● **YOUR GOAL**
Take the data that follows and retype it word for word.

- Opening Delimiter -

lemma calB_ge_of_Rbar_eq_enat:
  assumes "Rbar G S m = enat n"
  shows "m \<le> calB G S n"
proof -
  have ex: "\<exists>n\<ge>1. m \<le> calB G S n" and n: "n = (LEAST n. 1 \<le> n \<and> m \<le> calB G S n)"
    using assms unfolding Rbar_def by (auto split: if_splits)
  show ?thesis
    using LeastI_ex[of "\<lambda>n. 1 \<le> n \<and> m \<le> calB G S n"] ex unfolding n by auto
qed

lemma inv16_enat_le_divide:
  fixes a b e n :: nat
  assumes "0 < a * b" "a * b \<le> 16 * n * e"
  shows "inv16 (enat n) \<le> real e / (real a * real b)"
proof -
  have "0 < n" using assms by (metis gr0I mult_is_0 not_le)
  have "real (a * b) \<le> real (16 * n * e)" using assms(2) by (simp only: of_nat_le_iff)
  then show ?thesis
    using assms(1) \<open>0 < n\<close> by (simp add: inv16_def divide_le_eq le_divide_eq mult.commute mult.left_commute)
qed

lemma (in group) card_mult_card_le_edge_boundary:
  assumes "S \<subseteq> carrier G" "finite S" "symmetric_set G S"
    and "K \<subseteq> carrier G" "finite K" "K \<noteq> {}"
    and "2 * card K \<le> calB G S n"
  shows "card K * card S \<le> 4 * n * card (edge_boundary G S K)"
proof -
  define \<Sigma> where "\<Sigma> = (\<Sum>s\<in>S. escapes G K s)"
  define S' where "S' = {s\<in>S. escapes G K s * card S \<le> 2 * \<Sigma>}"
  define B where "B = cay_ball G S' n"
  have S'S: "S' \<subseteq> S" by (auto simp: S'_def)
  have "symmetric_set G S'"
    unfolding S'_def by (rule symmetric_set_escapes_filter[OF assms(3,1,4,5)])
  moreover have "card S \<le> 2 * card S'"
    unfolding S'_def \<Sigma>_def using assms(2) by (rule markov_card_half)
  ultimately have "calB G S n \<le> card B"
    unfolding B_def using assms(2) S'S by (intro calB_le_card_cay_ball)
  with assms(7) have large: "2 * card K \<le> card B" by (rule order_trans)
  have "0 < card K" using assms(5,6) by (simp add: card_gt_0_iff)
  with large have finB: "finite B" by (intro card_ge_0_finite) linarith
  have "S' \<subseteq> carrier G" using S'S assms(1) by (rule order_trans)
  then have BG: "B \<subseteq> carrier G"
    unfolding B_def by (rule cay_ball_subset_carrier[OF is_monoid])
  obtain g where g: "g \<in> B" "card K \<le> 2 * escapes G K g"
    using exists_escapes_ge_half[OF BG finB assms(4-6) large] by blast
  have esc: "escapes G K g * card S \<le> n * (2 * \<Sigma>)"
    using g(1) unfolding B_def
  proof (rule escapes_ball_le)
    show "S' \<subseteq> carrier G" by fact
  qed (use assms(4,5) in \<open>auto simp: S'_def\<close>)
  have "card K * card S \<le> 2 * escapes G K g * card S" using g(2) by (rule mult_le_mono1)
  also have "\<dots> = 2 * (escapes G K g * card S)" by (simp only: mult.assoc)
  also have "\<dots> \<le> 2 * (n * (2 * \<Sigma>))" using esc by (rule mult_le_mono2)
  also have "\<dots> = 4 * n * \<Sigma>" by simp
  also have "\<dots> \<le> 4 * n * card (edge_boundary G S K)"
    unfolding \<Sigma>_def using sum_escapes_le_card_edge_boundary[OF assms(3,1,2,4,5)] by (rule mult_le_mono2)
  finally show ?thesis .
qed

theorem lemma3p4:
  fixes G :: "('a, 'b) monoid_scheme" and S K :: "'a set"
  assumes "group G"
    and "S \<subseteq> carrier G" and "finite S" and "symmetric_set G S"
    and "generate G S = carrier G"
    and "K \<subseteq> carrier G" and "finite K" and "K \<noteq> {}"
  shows "real (card (edge_boundary G S K)) / (real (card S) * real (card K))
           \<ge> inv16 (Rbar G S (2 * card K))"
proof (cases "Rbar G S (2 * card K)")
  case infinity
  then show ?thesis by (simp add: inv16_def)
next
  case (enat n)
  interpret group G by fact
  have calB: "2 * card K \<le> calB G S n" using calB_ge_of_Rbar_eq_enat[OF enat] .
  have K: "0 < card K" using assms(7,8) by (simp add: card_gt_0_iff)
  have "S \<noteq> {}"
  proof
    assume "S = {}"
    then have "calB G S n \<le> card (cay_ball G {} n)"
      by (intro calB_le_card_cay_ball) (auto simp: symmetric_set_def)
    with calB K show False by simp
  qed
  with K assms(3) have "0 < card S * card K" by (simp add: card_gt_0_iff)
  moreover have "card K * card S \<le> 4 * n * card (edge_boundary G S K)"
    using card_mult_card_le_edge_boundary assms(2-4,6-8) calB by blast
  then have "card S * card K \<le> 16 * n * card (edge_boundary G S K)"
    by (simp add: mult.commute)
  ultimately show ?thesis unfolding enat by (rule inv16_enat_le_divide)
qed

end
(* In Model A below with $d$ odd, let $I:=-\inf_{t\in\mathbb{R}}\log\big(\varrho(1-\varrho)e^{t}+\tfrac12+\tfrac12(1-2\varrho+2\varrho^2)e^{-t}\big)$ and $\tilde I:=-\inf_{t\in\mathbb{R}}\log\big((\varrho(1-\varrho)+\tfrac14)e^{t}+(\tfrac12(1-2\varrho+2\varrho^2)+\tfrac14)e^{-t}\big)$. Then $$\lim_{d\to\infty,\ d\text{ odd}}\frac1d\log\mathbb{P}\big(\chi(w)=2\text{ under the $c$-segmentation rule with }c=d\big)=-\tilde I,$$ and $I\ge\tilde I$.
   Context: Segmentation rule. Let $d,c$ be positive integers with $c\mid d$. For $x\in\mathbb{R}^d$ and $1\le j\le c$ let $x_j\in\mathbb{R}^{d/c}$ denote its $j$-th block $(x_{(j-1)d/c+1},\dots,x_{jd/c})$, so that $x=x_1\circ\cdots\circ x_c$ (concatenation). Given dictionary words $w^1,\dots,w^K\in\mathbb{R}^d$ ($w^k$ representing class $k$) and a test word $w\in\mathbb{R}^d$, for each $j$ let $U_j\in\{1,\dots,K\}$ be an index $k$ minimizing the Euclidean distance $\|w_j-w^k_j\|$ in $\mathbb{R}^{d/c}$, chosen uniformly at random among all minimizers (independently of everything else). The $c$-segmentation rule assigns to $w$ the class $\chi(w)\in\operatorname{argmax}_k\#\{j:U_j=k\}$, chosen uniformly at random among all maximizers. The case $c=1$ is the Euclidean (nearest-neighbour) rule and $c=d$ is coordinate-by-coordinate comparison. Probabilities are over all random objects including tie-breaks. Model A. Fix $\varrho\in(0,\tfrac12)$. Let $m_1,m_2$ be independent and uniformly distributed on $\{-1,+1\}^d$. Let $Y^{(0)},Y^{(1)},Y^{(2)}$ be independent random vectors in $\{-1,+1\}^d$, independent of $m_1,m_2$, each with i.i.d. coordinates satisfying $\mathbb{P}(Y_i=1)=1-\varrho$, $\mathbb{P}(Y_i=-1)=\varrho$. Write $x\times y$ for the coordinatewise product. There are $K=2$ classes; the dictionary words are $w^1=Y^{(1)}\times m_1$ (class 1) and $w^2=Y^{(2)}\times m_2$ (class 2), and the test word is $w=Y^{(0)}\times m_1$ (true class 1). *)

theory Defs
  imports "HOL-Probability.Probability"
begin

- Closing Delimiter -

● **WRITTEN RESPONSE**
lemma calB_ge_of_Rbar_eq_enat:
  assumes "Rbar G S m = enat n"
  shows "m \<le> calB G S n"
proof -
  have ex: "\<exists>n\<ge>1. m \<le> calB G S n" and n: "n = (LEAST n. 1 \<le> n \<and> m \<le> calB G S n)"
    using assms unfolding Rbar_def by (auto split: if_splits)
  show ?thesis
    using LeastI_ex[of "\<lambda>n. 1 \<le> n \<and> m \<le> calB G S n"] ex unfolding n by auto
qed

lemma inv16_enat_le_divide:
  fixes a b e n :: nat
  assumes "0 < a * b" "a * b \<le> 16 * n * e"
  shows "inv16 (enat n) \<le> real e / (real a * real b)"
proof -
  have "0 < n" using assms by (metis gr0I mult_is_0 not_le)
  have "real (a * b) \<le> real (16 * n * e)" using assms(2) by (simp only: of_nat_le_iff)
  then show ?thesis
    using assms(1) \<open>0 < n\<close> by (simp add: inv16_def divide_le_eq le_divide_eq mult.commute mult.left_commute)
qed

lemma (in group) card_mult_card_le_edge_boundary:
  assumes "S \<subseteq> carrier G" "finite S" "symmetric_set G S"
    and "K \<subseteq> carrier G" "finite K" "K \<noteq> {}"
    and "2 * card K \<le> calB G S n"
  shows "card K * card S \<le> 4 * n * card (edge_boundary G S K)"
proof -
  define \<Sigma> where "\<Sigma> = (\<Sum>s\<in>S. escapes G K s)"
  define S' where "S' = {s\<in>S. escapes G K s * card S \<le> 2 * \<Sigma>}"
  define B where "B = cay_ball G S' n"
  have S'S: "S' \<subseteq> S" by (auto simp: S'_def)
  have "symmetric_set G S'"
    unfolding S'_def by (rule symmetric_set_escapes_filter[OF assms(3,1,4,5)])
  moreover have "card S \<le> 2 * card S'"
    unfolding S'_def \<Sigma>_def using assms(2) by (rule markov_card_half)
  ultimately have "calB G S n \<le> card B"
    unfolding B_def using assms(2) S'S by (intro calB_le_card_cay_ball)
  with assms(7) have large: "2 * card K \<le> card B" by (rule order_trans)
  have "0 < card K" using assms(5,6) by (simp add: card_gt_0_iff)
  with large have finB: "finite B" by (intro card_ge_0_finite) linarith
  have "S' \<subseteq> carrier G" using S'S assms(1) by (rule order_trans)
  then have BG: "B \<subseteq> carrier G"
    unfolding B_def by (rule cay_ball_subset_carrier[OF is_monoid])
  obtain g where g: "g \<in> B" "card K \<le> 2 * escapes G K g"
    using exists_escapes_ge_half[OF BG finB assms(4-6) large] by blast
  have esc: "escapes G K g * card S \<le> n * (2 * \<Sigma>)"
    using g(1) unfolding B_def
  proof (rule escapes_ball_le)
    show "S' \<subseteq> carrier G" by fact
  qed (use assms(4,5) in \<open>auto simp: S'_def\<close>)
  have "card K * card S \<le> 2 * escapes G K g * card S" using g(2) by (rule mult_le_mono1)
  also have "\<dots> = 2 * (escapes G K g * card S)" by (simp only: mult.assoc)
  also have "\<dots> \<le> 2 * (n * (2 * \<Sigma>))" using esc by (rule mult_le_mono2)
  also have "\<dots> = 4 * n * \<Sigma>" by simp
  also have "\<dots> \<le> 4 * n * card (edge_boundary G S K)"
    unfolding \<Sigma>_def using sum_escapes_le_card_edge_boundary[OF assms(3,1,2,4,5)] by (rule mult_le_mono2)
  finally show ?thesis .
qed

theorem lemma3p4:
  fixes G :: "('a, 'b) monoid_scheme" and S K :: "'a set"
  assumes "group G"
    and "S \<subseteq> carrier G" and "finite S" and "symmetric_set G S"
    and "generate G S = carrier G"
    and "K \<subseteq> carrier G" and "finite K" and "K \<noteq> {}"
  shows "real (card (edge_boundary G S K)) / (real (card S) * real (card K))
           \<ge> inv16 (Rbar G S (2 * card K))"
proof (cases "Rbar G S (2 * card K)")
  case infinity
  then show ?thesis by (simp add: inv16_def)
next
  case (enat n)
  interpret group G by fact
  have calB: "2 * card K \<le> calB G S n" using calB_ge_of_Rbar_eq_enat[OF enat] .
  have K: "0 < card K" using assms(7,8) by (simp add: card_gt_0_iff)
  have "S \<noteq> {}"
  proof
    assume "S = {}"
    then have "calB G S n \<le> card (cay_ball G {} n)"
      by (intro calB_le_card_cay_ball) (auto simp: symmetric_set_def)
    with calB K show False by simp
  qed
  with K assms(3) have "0 < card S * card K" by (simp add: card_gt_0_iff)
  moreover have "card K * card S \<le> 4 * n * card (edge_boundary G S K)"
    using card_mult_card_le_edge_boundary assms(2-4,6-8) calB by blast
  then have "card S * card K \<le> 16 * n * card (edge_boundary G S K)"
    by (simp add: mult.commute)
  ultimately show ?thesis unfolding enat by (rule inv16_enat_le_divide)
qed

end
(* In Model A below with $d$ odd, let $I:=-\inf_{t\in\mathbb{R}}\log\big(\varrho(1-\varrho)e^{t}+\tfrac12+\tfrac12(1-2\varrho+2\varrho^2)e^{-t}\big)$ and $\tilde I:=-\inf_{t\in\mathbb{R}}\log\big((\varrho(1-\varrho)+\tfrac14)e^{t}+(\tfrac12(1-2\varrho+2\varrho^2)+\tfrac14)e^{-t}\big)$. Then $$\lim_{d\to\infty,\ d\text{ odd}}\frac1d\log\mathbb{P}\big(\chi(w)=2\text{ under the $c$-segmentation rule with }c=d\big)=-\tilde I,$$ and $I\ge\tilde I$.
   Context: Segmentation rule. Let $d,c$ be positive integers with $c\mid d$. For $x\in\mathbb{R}^d$ and $1\le j\le c$ let $x_j\in\mathbb{R}^{d/c}$ denote its $j$-th block $(x_{(j-1)d/c+1},\dots,x_{jd/c})$, so that $x=x_1\circ\cdots\circ x_c$ (concatenation). Given dictionary words $w^1,\dots,w^K\in\mathbb{R}^d$ ($w^k$ representing class $k$) and a test word $w\in\mathbb{R}^d$, for each $j$ let $U_j\in\{1,\dots,K\}$ be an index $k$ minimizing the Euclidean distance $\|w_j-w^k_j\|$ in $\mathbb{R}^{d/c}$, chosen uniformly at random among all minimizers (independently of everything else). The $c$-segmentation rule assigns to $w$ the class $\chi(w)\in\operatorname{argmax}_k\#\{j:U_j=k\}$, chosen uniformly at random among all maximizers. The case $c=1$ is the Euclidean (nearest-neighbour) rule and $c=d$ is coordinate-by-coordinate comparison. Probabilities are over all random objects including tie-breaks. Model A. Fix $\varrho\in(0,\tfrac12)$. Let $m_1,m_2$ be independent and uniformly distributed on $\{-1,+1\}^d$. Let $Y^{(0)},Y^{(1)},Y^{(2)}$ be independent random vectors in $\{-1,+1\}^d$, independent of $m_1,m_2$, each with i.i.d. coordinates satisfying $\mathbb{P}(Y_i=1)=1-\varrho$, $\mathbb{P}(Y_i=-1)=\varrho$. Write $x\times y$ for the coordinatewise product. There are $K=2$ classes; the dictionary words are $w^1=Y^{(1)}\times m_1$ (class 1) and $w^2=Y^{(2)}\times m_2$ (class 2), and the test word is $w=Y^{(0)}\times m_1$ (true class 1). *)

theory Defs
  imports "HOL-Probability.Probability"
begin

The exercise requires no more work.